### RECORDS SHOWN
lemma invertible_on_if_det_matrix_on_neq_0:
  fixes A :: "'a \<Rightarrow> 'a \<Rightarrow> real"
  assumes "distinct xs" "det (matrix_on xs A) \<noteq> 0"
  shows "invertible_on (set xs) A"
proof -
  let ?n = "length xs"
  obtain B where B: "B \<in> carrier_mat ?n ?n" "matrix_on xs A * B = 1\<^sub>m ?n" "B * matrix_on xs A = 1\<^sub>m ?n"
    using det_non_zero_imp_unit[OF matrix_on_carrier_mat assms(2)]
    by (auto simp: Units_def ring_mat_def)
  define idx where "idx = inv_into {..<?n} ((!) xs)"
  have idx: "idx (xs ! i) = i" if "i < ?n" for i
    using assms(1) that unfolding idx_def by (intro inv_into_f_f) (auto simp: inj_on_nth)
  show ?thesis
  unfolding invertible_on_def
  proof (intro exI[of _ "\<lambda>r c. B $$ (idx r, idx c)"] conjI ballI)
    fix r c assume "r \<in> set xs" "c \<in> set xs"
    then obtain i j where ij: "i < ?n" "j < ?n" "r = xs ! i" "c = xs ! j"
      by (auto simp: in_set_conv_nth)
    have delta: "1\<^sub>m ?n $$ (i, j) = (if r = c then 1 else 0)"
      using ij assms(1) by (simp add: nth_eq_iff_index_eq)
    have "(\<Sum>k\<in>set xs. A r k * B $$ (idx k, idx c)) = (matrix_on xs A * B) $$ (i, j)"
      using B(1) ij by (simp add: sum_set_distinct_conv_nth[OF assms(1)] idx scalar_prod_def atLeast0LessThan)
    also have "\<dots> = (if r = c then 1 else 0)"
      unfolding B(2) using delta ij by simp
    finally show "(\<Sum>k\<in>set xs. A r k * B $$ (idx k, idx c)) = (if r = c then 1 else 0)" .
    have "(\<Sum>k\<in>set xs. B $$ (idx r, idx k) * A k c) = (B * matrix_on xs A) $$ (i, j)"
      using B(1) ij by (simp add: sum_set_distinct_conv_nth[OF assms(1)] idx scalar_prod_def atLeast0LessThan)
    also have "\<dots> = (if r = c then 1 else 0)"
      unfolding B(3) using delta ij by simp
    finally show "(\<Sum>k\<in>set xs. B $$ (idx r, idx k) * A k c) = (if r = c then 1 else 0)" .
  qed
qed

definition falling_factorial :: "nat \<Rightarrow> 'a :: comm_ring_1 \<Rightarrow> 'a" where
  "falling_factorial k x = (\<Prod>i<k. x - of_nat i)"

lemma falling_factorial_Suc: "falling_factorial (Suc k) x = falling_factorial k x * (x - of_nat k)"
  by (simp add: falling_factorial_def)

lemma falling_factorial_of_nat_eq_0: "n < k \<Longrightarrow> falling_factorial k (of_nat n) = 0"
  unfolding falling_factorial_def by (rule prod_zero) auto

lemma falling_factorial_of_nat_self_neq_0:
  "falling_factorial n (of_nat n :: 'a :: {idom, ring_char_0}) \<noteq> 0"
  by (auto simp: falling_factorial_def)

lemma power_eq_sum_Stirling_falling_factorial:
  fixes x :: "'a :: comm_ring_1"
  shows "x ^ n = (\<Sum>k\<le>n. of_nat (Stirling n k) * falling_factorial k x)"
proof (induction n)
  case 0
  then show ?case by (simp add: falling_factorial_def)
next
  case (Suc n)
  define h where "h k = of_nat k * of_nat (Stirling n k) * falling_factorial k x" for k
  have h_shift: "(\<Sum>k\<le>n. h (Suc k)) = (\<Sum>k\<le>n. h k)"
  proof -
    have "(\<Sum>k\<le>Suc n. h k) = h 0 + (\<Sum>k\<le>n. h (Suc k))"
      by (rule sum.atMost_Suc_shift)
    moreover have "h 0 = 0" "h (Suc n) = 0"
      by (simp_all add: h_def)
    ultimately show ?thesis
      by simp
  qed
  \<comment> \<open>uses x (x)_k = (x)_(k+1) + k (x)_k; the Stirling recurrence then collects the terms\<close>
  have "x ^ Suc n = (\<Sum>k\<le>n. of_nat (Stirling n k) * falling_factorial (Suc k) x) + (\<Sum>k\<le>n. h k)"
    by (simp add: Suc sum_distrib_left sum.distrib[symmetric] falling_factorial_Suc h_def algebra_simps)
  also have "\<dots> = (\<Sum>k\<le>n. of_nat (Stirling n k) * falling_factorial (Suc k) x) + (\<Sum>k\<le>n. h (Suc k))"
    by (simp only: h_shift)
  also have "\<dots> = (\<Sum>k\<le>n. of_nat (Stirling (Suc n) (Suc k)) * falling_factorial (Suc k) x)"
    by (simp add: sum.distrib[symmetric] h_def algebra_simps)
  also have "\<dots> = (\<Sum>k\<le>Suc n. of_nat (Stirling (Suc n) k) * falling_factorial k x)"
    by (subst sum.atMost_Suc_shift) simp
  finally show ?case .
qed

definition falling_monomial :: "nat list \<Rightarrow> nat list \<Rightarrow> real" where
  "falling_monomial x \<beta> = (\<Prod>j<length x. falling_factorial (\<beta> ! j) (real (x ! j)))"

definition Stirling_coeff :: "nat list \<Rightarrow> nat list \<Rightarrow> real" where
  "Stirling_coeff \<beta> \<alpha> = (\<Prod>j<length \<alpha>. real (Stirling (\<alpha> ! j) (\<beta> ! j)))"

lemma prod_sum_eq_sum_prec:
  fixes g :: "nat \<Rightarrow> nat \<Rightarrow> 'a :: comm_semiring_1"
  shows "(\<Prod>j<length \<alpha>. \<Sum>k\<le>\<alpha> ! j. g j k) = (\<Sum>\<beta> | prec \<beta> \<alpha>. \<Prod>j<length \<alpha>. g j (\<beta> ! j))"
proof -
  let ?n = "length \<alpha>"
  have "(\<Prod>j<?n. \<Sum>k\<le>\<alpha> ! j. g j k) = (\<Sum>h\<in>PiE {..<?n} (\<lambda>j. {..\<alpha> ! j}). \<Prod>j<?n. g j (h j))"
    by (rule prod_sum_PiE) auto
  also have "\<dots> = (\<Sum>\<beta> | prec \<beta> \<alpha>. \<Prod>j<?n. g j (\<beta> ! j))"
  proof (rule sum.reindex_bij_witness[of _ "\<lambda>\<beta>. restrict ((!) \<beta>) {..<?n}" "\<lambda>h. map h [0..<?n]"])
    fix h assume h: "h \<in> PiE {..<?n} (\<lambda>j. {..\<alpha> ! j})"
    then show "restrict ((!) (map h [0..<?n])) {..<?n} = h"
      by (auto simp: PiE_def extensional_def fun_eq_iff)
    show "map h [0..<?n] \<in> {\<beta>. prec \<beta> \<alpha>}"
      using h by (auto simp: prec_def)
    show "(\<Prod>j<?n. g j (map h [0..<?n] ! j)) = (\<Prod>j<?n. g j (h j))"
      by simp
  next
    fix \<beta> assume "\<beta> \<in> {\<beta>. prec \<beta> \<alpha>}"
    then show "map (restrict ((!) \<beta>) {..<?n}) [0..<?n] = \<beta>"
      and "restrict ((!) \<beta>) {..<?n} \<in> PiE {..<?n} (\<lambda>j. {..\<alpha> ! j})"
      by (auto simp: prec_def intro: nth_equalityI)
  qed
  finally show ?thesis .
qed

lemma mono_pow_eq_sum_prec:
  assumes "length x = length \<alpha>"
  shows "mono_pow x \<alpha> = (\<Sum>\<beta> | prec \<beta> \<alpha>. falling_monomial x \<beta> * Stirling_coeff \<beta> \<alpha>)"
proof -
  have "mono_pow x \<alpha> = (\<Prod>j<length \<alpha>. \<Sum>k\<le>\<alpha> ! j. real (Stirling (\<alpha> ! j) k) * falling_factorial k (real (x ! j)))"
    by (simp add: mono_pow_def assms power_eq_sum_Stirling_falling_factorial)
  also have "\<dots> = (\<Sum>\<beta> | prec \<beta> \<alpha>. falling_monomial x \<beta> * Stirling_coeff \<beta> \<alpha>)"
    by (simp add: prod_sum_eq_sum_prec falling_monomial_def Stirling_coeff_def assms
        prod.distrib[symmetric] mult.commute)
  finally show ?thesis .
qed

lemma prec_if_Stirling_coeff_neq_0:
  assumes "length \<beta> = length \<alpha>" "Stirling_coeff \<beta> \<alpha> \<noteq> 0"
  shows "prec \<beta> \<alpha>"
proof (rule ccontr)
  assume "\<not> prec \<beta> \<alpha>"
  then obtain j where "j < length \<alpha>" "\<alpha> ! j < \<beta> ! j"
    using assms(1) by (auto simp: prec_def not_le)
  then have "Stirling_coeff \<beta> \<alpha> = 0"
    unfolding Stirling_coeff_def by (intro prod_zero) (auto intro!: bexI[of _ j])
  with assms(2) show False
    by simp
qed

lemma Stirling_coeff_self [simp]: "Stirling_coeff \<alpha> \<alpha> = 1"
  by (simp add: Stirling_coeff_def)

### PROBLEM TO SOLVE
Beginning at the line that contains "then obtain j" and ending at the last line above, copy each line without any change.

### YOUR RESPONSE
  then obtain j where "j < length \<alpha>" "\<alpha> ! j < \<beta> ! j"
    using assms(1) by (auto simp: prec_def not_le)
  then have "Stirling_coeff \<beta> \<alpha> = 0"
    unfolding Stirling_coeff_def by (intro prod_zero) (auto intro!: bexI[of _ j])
  with assms(2) show False
    by simp
qed

lemma Stirling_coeff_self [simp]: "Stirling_coeff \<alpha> \<alpha> = 1"
  by (simp add: Stirling_coeff_def)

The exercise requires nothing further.